The Sky(net) isn't falling, but…
Technophobes may breathe easier after reading the report, which emphasizes several times that artificial superintelligences that can meet or exceed human capacity across a full range of cognitive tasks remain decades away. While the report raises the specter of autonomous weapons systems and cyber warfare, Skynet is no imminent threat. Instead, the report argues that the best way to address the rise of a dystopian AI is to begin pursuing policies to attack and address the risks and challenges presented by rapid development of "narrow AI."
In terms of near-term regulatory and policymaking activity, the report recommends focusing on any immediate concerns around managing safety, security, and yes, privacy.

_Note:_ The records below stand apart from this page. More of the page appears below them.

(*
  Any instance P contained in V has k points distributed over the k - 1 blocks, which are
  ordered, so two consecutive points of P, say its jth and (j+1)th, lie in a common block V_j.
  Hence P is a reconstruction from a triple (j, v, w) with v < w in V_j, and by the uniqueness
  of reconstructions no triple comes from two instances. So S_P(V) is at most the number of
  pairs v < w within one block, which for a balanced decomposition is
  (n - r)(n + r - k + 1)/(2k - 2), and equality holds iff every such triple comes from an
  instance that comes from no other triple, i.e. that is of no other echelon.
*)

lemma card_less_nth_sorted_list_of_set:
  fixes A :: "'a::linorder set"
  assumes "finite A" "t < card A"
  shows "card {y\<in>A. y < sorted_list_of_set A ! t} = t"
proof -
  define xs where "xs = sorted_list_of_set A"
  have strict: "sorted_wrt (<) xs" and dist: "distinct xs"
    and len: "length xs = card A" and set_xs: "set xs = A"
    using assms(1) by (simp_all add: xs_def)
  have less_iff: "xs ! i < xs ! t \<longleftrightarrow> i < t" if "i < length xs" for i
    using sorted_wrt_nth_less[OF strict] that assms(2) len
    by (metis linorder_neqE_nat order.asym order.irrefl)
  have "{y\<in>A. y < xs ! t} = (!) xs ` {..<t}"
    using less_iff assms(2) len
    by (auto simp flip: set_xs simp: in_set_conv_nth) (use order.strict_trans in blast)
  moreover have "inj_on ((!) xs) {..<t}"
    using dist assms(2) len by (auto simp: inj_on_def nth_eq_iff_index_eq)
  ultimately show ?thesis by (simp add: xs_def card_image)
qed

lemma ith_point_Suc_eq_nth:
  fixes A :: "'a::linorder set"
  assumes "finite A" "t < card A"
  shows "ith_point A (Suc t) = sorted_list_of_set A ! t"
  unfolding ith_point_def
proof (rule the_equality)
  show "sorted_list_of_set A ! t \<in> A \<and> card {y\<in>A. y < sorted_list_of_set A ! t} = Suc t - 1"
    using assms card_less_nth_sorted_list_of_set[OF assms]
    by (metis diff_Suc_1 length_sorted_list_of_set nth_mem set_sorted_list_of_set)
next
  fix x assume x: "x \<in> A \<and> card {y\<in>A. y < x} = Suc t - 1"
  then obtain i where "i < card A" "x = sorted_list_of_set A ! i"
    using assms(1) by (metis in_set_conv_nth length_sorted_list_of_set set_sorted_list_of_set)
  with x show "x = sorted_list_of_set A ! t"
    using card_less_nth_sorted_list_of_set[OF assms(1)] by auto
qed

From medicine and mobility to, as always, marketing, significant progress has been made in using "a toolkit of AI methods" in specific application areas. The report trumpets the public and private benefits already being realized in fields such as healthcare, transportation, the environment, criminal justice, and economic inclusion. Recent developments in smart cars and drones are touted as major case studies. In terms of near-term regulatory and policymaking activity, the report recommends focusing on any immediate concerns around managing safety, security, and yes, privacy.
Unfortunately, the report largely punts on what it terms long-term societal and ethical questions, even as some of those concerns may be more near-term than imagined. A number of public comments received by the White House highlight the legitimate threat AI poses to both employment and the job market itself, but the report promises only a future study on automation and the economy. Millions of jobs in transportation will likely be eliminated by automation, but AI will also impact white-collar employment that could conceivably include routine compliance roles. Try as we might to think otherwise, neither lawyers nor privacy pros are special in this respect.
Preparing for the Future
Aside from a follow-up report about AI’s impact on employment, it is unclear what immediate next steps are coming from an Administration with less than a hundred days left in office. But for anyone interested in the future of privacy, getting a handle on the contours of AI, and how it intersects with big data, IoT, and fundamental privacy practices could be increasingly important.